Exercise requirements: Whatever the records contain, reproduce all of them exactly.

[Stored data entries]
——

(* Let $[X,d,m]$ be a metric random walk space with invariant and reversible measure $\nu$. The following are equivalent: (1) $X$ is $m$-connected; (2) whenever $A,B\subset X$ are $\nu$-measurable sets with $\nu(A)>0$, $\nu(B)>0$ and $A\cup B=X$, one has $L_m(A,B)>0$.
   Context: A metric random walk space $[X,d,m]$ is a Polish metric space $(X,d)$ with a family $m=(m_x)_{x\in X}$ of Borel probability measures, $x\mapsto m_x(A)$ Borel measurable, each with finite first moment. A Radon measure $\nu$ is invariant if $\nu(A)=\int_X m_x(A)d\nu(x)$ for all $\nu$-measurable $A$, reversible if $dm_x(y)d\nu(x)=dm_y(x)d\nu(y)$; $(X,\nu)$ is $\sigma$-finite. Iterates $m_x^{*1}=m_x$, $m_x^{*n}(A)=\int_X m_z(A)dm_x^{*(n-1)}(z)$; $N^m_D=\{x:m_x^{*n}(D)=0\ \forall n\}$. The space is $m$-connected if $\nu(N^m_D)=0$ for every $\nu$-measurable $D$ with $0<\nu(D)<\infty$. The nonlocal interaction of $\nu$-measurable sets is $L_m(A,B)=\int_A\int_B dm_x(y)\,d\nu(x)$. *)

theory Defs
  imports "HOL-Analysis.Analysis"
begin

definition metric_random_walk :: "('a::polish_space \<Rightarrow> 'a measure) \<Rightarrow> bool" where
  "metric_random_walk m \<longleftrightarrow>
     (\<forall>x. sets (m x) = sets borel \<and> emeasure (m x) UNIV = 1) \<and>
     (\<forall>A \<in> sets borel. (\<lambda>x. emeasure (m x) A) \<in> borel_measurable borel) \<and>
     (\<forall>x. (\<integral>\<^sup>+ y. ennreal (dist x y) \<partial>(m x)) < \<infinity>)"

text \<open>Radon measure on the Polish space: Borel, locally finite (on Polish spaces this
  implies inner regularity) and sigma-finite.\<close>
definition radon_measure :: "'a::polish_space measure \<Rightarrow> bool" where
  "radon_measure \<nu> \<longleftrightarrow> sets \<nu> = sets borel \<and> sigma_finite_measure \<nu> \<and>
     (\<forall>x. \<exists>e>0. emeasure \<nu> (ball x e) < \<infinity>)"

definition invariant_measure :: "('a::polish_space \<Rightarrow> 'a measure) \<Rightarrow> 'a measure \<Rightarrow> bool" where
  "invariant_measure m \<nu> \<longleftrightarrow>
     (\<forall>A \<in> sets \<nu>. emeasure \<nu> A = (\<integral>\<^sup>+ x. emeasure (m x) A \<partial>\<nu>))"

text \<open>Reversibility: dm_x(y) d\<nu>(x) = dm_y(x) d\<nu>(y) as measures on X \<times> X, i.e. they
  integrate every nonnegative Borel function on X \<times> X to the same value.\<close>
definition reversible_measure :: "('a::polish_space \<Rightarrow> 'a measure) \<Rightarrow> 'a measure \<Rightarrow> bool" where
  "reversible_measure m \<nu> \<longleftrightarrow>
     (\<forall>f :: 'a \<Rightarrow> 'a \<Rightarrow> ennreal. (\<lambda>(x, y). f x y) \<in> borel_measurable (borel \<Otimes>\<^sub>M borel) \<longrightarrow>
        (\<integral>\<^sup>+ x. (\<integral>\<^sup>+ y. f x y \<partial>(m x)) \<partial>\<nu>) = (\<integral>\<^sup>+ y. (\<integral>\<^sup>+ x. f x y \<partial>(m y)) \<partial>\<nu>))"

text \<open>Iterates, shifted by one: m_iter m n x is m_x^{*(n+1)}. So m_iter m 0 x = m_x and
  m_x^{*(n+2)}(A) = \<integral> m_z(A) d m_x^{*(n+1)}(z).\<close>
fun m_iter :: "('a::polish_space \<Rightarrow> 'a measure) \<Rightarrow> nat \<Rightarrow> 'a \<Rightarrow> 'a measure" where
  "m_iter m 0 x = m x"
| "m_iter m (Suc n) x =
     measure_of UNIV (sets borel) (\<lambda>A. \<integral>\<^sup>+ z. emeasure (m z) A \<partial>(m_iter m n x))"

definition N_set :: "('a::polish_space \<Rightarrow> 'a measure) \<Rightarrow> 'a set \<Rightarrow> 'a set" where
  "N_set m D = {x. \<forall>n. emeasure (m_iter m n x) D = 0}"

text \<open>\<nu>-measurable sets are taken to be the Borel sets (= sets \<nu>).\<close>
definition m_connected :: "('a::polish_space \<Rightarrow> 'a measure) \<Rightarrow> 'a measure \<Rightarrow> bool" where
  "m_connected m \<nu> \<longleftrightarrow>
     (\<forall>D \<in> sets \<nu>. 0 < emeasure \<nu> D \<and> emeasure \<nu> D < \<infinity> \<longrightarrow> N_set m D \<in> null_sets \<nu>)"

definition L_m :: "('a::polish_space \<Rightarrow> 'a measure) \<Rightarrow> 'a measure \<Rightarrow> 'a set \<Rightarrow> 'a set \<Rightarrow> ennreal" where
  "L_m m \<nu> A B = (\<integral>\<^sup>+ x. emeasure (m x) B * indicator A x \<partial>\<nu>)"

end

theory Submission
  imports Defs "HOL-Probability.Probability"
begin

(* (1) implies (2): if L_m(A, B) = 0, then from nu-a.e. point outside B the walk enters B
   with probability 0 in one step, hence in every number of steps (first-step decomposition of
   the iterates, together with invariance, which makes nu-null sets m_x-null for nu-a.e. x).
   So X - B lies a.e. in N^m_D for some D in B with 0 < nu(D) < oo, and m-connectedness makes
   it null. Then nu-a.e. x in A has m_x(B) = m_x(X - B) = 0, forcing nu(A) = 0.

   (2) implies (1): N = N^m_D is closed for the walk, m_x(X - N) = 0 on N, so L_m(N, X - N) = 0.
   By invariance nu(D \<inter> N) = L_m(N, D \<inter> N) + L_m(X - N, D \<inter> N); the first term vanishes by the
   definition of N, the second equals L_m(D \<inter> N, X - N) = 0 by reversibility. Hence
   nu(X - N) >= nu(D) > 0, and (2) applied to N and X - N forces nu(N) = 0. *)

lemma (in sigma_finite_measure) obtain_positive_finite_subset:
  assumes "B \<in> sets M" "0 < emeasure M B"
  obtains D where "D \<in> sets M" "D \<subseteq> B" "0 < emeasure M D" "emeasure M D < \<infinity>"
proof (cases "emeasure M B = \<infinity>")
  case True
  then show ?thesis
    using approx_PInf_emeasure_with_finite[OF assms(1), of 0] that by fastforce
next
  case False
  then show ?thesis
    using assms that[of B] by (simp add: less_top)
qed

——

Exercise solution:
(* Let $[X,d,m]$ be a metric random walk space with invariant and reversible measure $\nu$. The following are equivalent: (1) $X$ is $m$-connected; (2) whenever $A,B\subset X$ are $\nu$-measurable sets with $\nu(A)>0$, $\nu(B)>0$ and $A\cup B=X$, one has $L_m(A,B)>0$.
   Context: A metric random walk space $[X,d,m]$ is a Polish metric space $(X,d)$ with a family $m=(m_x)_{x\in X}$ of Borel probability measures, $x\mapsto m_x(A)$ Borel measurable, each with finite first moment. A Radon measure $\nu$ is invariant if $\nu(A)=\int_X m_x(A)d\nu(x)$ for all $\nu$-measurable $A$, reversible if $dm_x(y)d\nu(x)=dm_y(x)d\nu(y)$; $(X,\nu)$ is $\sigma$-finite. Iterates $m_x^{*1}=m_x$, $m_x^{*n}(A)=\int_X m_z(A)dm_x^{*(n-1)}(z)$; $N^m_D=\{x:m_x^{*n}(D)=0\ \forall n\}$. The space is $m$-connected if $\nu(N^m_D)=0$ for every $\nu$-measurable $D$ with $0<\nu(D)<\infty$. The nonlocal interaction of $\nu$-measurable sets is $L_m(A,B)=\int_A\int_B dm_x(y)\,d\nu(x)$. *)

theory Defs
  imports "HOL-Analysis.Analysis"
begin

definition metric_random_walk :: "('a::polish_space \<Rightarrow> 'a measure) \<Rightarrow> bool" where
  "metric_random_walk m \<longleftrightarrow>
     (\<forall>x. sets (m x) = sets borel \<and> emeasure (m x) UNIV = 1) \<and>
     (\<forall>A \<in> sets borel. (\<lambda>x. emeasure (m x) A) \<in> borel_measurable borel) \<and>
     (\<forall>x. (\<integral>\<^sup>+ y. ennreal (dist x y) \<partial>(m x)) < \<infinity>)"

text \<open>Radon measure on the Polish space: Borel, locally finite (on Polish spaces this
  implies inner regularity) and sigma-finite.\<close>
definition radon_measure :: "'a::polish_space measure \<Rightarrow> bool" where
  "radon_measure \<nu> \<longleftrightarrow> sets \<nu> = sets borel \<and> sigma_finite_measure \<nu> \<and>
     (\<forall>x. \<exists>e>0. emeasure \<nu> (ball x e) < \<infinity>)"

definition invariant_measure :: "('a::polish_space \<Rightarrow> 'a measure) \<Rightarrow> 'a measure \<Rightarrow> bool" where
  "invariant_measure m \<nu> \<longleftrightarrow>
     (\<forall>A \<in> sets \<nu>. emeasure \<nu> A = (\<integral>\<^sup>+ x. emeasure (m x) A \<partial>\<nu>))"

text \<open>Reversibility: dm_x(y) d\<nu>(x) = dm_y(x) d\<nu>(y) as measures on X \<times> X, i.e. they
  integrate every nonnegative Borel function on X \<times> X to the same value.\<close>
definition reversible_measure :: "('a::polish_space \<Rightarrow> 'a measure) \<Rightarrow> 'a measure \<Rightarrow> bool" where
  "reversible_measure m \<nu> \<longleftrightarrow>
     (\<forall>f :: 'a \<Rightarrow> 'a \<Rightarrow> ennreal. (\<lambda>(x, y). f x y) \<in> borel_measurable (borel \<Otimes>\<^sub>M borel) \<longrightarrow>
        (\<integral>\<^sup>+ x. (\<integral>\<^sup>+ y. f x y \<partial>(m x)) \<partial>\<nu>) = (\<integral>\<^sup>+ y. (\<integral>\<^sup>+ x. f x y \<partial>(m y)) \<partial>\<nu>))"

text \<open>Iterates, shifted by one: m_iter m n x is m_x^{*(n+1)}. So m_iter m 0 x = m_x and
  m_x^{*(n+2)}(A) = \<integral> m_z(A) d m_x^{*(n+1)}(z).\<close>
fun m_iter :: "('a::polish_space \<Rightarrow> 'a measure) \<Rightarrow> nat \<Rightarrow> 'a \<Rightarrow> 'a measure" where
  "m_iter m 0 x = m x"
| "m_iter m (Suc n) x =
     measure_of UNIV (sets borel) (\<lambda>A. \<integral>\<^sup>+ z. emeasure (m z) A \<partial>(m_iter m n x))"

definition N_set :: "('a::polish_space \<Rightarrow> 'a measure) \<Rightarrow> 'a set \<Rightarrow> 'a set" where
  "N_set m D = {x. \<forall>n. emeasure (m_iter m n x) D = 0}"

text \<open>\<nu>-measurable sets are taken to be the Borel sets (= sets \<nu>).\<close>
definition m_connected :: "('a::polish_space \<Rightarrow> 'a measure) \<Rightarrow> 'a measure \<Rightarrow> bool" where
  "m_connected m \<nu> \<longleftrightarrow>
     (\<forall>D \<in> sets \<nu>. 0 < emeasure \<nu> D \<and> emeasure \<nu> D < \<infinity> \<longrightarrow> N_set m D \<in> null_sets \<nu>)"

definition L_m :: "('a::polish_space \<Rightarrow> 'a measure) \<Rightarrow> 'a measure \<Rightarrow> 'a set \<Rightarrow> 'a set \<Rightarrow> ennreal" where
  "L_m m \<nu> A B = (\<integral>\<^sup>+ x. emeasure (m x) B * indicator A x \<partial>\<nu>)"

end

theory Submission
  imports Defs "HOL-Probability.Probability"
begin

(* (1) implies (2): if L_m(A, B) = 0, then from nu-a.e. point outside B the walk enters B
   with probability 0 in one step, hence in every number of steps (first-step decomposition of
   the iterates, together with invariance, which makes nu-null sets m_x-null for nu-a.e. x).
   So X - B lies a.e. in N^m_D for some D in B with 0 < nu(D) < oo, and m-connectedness makes
   it null. Then nu-a.e. x in A has m_x(B) = m_x(X - B) = 0, forcing nu(A) = 0.

   (2) implies (1): N = N^m_D is closed for the walk, m_x(X - N) = 0 on N, so L_m(N, X - N) = 0.
   By invariance nu(D \<inter> N) = L_m(N, D \<inter> N) + L_m(X - N, D \<inter> N); the first term vanishes by the
   definition of N, the second equals L_m(D \<inter> N, X - N) = 0 by reversibility. Hence
   nu(X - N) >= nu(D) > 0, and (2) applied to N and X - N forces nu(N) = 0. *)

lemma (in sigma_finite_measure) obtain_positive_finite_subset:
  assumes "B \<in> sets M" "0 < emeasure M B"
  obtains D where "D \<in> sets M" "D \<subseteq> B" "0 < emeasure M D" "emeasure M D < \<infinity>"
proof (cases "emeasure M B = \<infinity>")
  case True
  then show ?thesis
    using approx_PInf_emeasure_with_finite[OF assms(1), of 0] that by fastforce
next
  case False
  then show ?thesis
    using assms that[of B] by (simp add: less_top)
qed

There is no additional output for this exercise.